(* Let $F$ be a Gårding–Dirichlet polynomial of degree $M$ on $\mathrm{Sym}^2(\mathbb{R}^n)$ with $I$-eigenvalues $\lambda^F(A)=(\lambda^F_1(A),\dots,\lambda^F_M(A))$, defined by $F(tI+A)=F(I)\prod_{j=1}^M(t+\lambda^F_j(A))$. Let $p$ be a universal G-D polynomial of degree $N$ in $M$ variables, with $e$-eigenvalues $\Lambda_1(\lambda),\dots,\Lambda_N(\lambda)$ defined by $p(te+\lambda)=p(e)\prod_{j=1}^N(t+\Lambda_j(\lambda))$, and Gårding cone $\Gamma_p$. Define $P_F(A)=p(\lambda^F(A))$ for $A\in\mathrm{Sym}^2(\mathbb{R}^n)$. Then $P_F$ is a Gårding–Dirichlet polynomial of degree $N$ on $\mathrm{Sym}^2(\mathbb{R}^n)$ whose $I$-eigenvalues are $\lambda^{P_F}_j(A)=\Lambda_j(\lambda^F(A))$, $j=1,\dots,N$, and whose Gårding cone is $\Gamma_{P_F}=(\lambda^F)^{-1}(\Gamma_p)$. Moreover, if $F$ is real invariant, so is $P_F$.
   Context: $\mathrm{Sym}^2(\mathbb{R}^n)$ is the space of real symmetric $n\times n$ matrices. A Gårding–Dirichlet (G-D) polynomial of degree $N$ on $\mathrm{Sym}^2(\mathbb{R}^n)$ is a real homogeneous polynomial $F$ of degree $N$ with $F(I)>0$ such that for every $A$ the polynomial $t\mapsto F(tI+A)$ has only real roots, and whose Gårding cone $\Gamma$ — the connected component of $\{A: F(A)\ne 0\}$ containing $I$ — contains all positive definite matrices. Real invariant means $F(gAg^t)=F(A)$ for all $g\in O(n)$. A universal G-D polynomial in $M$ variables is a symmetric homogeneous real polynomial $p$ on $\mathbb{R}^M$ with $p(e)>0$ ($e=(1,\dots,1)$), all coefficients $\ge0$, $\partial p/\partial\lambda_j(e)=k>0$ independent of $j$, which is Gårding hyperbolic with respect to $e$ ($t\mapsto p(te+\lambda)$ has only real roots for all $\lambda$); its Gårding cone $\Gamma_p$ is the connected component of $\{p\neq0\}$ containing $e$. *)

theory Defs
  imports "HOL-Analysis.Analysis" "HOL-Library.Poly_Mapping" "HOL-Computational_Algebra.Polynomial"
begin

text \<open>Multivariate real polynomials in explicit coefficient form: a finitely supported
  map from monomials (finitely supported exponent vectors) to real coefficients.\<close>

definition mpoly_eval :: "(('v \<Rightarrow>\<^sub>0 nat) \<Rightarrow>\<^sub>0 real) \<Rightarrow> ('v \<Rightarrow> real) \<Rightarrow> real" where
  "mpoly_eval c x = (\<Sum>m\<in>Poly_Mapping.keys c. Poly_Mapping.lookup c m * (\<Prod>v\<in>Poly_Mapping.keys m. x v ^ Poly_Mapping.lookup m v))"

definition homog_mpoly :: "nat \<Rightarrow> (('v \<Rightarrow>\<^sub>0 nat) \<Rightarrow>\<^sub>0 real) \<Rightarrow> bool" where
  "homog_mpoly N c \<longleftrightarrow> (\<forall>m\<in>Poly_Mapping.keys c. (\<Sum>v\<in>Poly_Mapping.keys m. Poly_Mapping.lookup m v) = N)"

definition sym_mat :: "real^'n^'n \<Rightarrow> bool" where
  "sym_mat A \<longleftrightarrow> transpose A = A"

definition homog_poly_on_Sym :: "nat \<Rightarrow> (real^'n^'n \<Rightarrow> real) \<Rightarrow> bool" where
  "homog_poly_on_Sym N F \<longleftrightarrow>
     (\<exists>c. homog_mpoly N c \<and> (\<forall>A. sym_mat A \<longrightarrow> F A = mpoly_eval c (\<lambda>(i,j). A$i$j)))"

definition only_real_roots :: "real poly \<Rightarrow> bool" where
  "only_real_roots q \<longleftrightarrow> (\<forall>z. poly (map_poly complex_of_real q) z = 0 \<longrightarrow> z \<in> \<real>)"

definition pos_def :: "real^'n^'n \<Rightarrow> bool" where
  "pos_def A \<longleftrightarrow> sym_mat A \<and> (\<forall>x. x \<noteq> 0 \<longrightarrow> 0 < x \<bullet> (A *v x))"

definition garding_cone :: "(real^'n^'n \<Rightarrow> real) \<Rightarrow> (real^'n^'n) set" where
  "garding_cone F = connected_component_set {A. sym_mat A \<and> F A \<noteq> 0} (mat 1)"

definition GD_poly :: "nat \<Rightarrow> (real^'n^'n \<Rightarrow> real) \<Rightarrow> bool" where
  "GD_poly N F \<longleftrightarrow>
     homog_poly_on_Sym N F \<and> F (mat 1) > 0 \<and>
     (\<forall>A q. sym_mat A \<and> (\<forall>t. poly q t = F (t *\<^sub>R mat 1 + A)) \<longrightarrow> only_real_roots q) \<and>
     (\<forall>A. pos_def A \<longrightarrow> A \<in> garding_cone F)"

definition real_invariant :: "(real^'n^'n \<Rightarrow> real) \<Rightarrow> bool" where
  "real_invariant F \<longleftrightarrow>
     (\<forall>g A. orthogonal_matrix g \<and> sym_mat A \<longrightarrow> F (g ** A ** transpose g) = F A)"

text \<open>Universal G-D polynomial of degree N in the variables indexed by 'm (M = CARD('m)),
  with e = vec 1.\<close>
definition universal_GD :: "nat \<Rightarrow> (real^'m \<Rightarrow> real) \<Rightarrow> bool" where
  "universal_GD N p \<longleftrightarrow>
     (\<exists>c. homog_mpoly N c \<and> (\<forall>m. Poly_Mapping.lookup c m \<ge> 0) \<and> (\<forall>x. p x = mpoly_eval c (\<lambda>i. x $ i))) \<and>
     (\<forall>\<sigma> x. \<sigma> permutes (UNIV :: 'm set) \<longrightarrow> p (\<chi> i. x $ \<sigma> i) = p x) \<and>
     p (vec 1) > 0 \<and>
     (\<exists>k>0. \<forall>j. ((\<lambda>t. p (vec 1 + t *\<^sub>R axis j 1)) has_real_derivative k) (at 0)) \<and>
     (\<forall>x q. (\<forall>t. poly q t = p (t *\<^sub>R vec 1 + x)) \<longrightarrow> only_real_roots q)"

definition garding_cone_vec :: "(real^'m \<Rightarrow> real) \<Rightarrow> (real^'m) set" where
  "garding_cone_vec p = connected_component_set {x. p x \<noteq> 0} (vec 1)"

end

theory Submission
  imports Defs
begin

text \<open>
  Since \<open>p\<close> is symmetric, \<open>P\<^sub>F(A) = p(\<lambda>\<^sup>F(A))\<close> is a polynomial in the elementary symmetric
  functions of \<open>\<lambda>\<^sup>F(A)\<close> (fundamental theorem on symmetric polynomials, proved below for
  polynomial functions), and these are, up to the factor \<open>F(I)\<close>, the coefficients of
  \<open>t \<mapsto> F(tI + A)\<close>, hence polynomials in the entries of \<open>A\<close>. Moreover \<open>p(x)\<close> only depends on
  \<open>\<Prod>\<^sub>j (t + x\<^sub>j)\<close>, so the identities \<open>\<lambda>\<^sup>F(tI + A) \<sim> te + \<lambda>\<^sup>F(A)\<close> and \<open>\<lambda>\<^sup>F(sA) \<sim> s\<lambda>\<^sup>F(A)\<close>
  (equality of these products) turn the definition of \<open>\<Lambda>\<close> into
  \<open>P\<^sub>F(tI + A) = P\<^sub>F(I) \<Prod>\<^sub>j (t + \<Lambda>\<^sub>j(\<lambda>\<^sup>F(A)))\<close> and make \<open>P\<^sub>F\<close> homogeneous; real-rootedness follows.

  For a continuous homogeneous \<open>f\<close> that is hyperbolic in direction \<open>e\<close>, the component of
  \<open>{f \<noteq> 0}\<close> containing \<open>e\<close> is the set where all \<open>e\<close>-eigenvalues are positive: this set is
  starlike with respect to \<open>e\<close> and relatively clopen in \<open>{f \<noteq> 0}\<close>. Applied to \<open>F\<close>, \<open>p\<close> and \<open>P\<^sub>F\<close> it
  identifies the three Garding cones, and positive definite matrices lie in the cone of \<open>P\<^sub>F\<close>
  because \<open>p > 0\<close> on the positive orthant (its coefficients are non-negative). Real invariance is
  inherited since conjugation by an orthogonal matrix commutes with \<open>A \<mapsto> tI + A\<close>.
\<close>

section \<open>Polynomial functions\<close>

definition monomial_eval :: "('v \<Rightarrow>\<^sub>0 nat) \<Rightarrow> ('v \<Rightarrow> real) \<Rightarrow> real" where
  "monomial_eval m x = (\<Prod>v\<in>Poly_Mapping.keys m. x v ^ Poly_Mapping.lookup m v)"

· · ·

### EXERCISE INSTRUCTIONS
Output the material above exactly, but only from the line that carries "(\<forall>A. pos_def A" through the line that carries "with e = vec 1.\<close>".

### SOLUTION BELOW
     (\<forall>A. pos_def A \<longrightarrow> A \<in> garding_cone F)"

definition real_invariant :: "(real^'n^'n \<Rightarrow> real) \<Rightarrow> bool" where
  "real_invariant F \<longleftrightarrow>
     (\<forall>g A. orthogonal_matrix g \<and> sym_mat A \<longrightarrow> F (g ** A ** transpose g) = F A)"

text \<open>Universal G-D polynomial of degree N in the variables indexed by 'm (M = CARD('m)),
  with e = vec 1.\<close>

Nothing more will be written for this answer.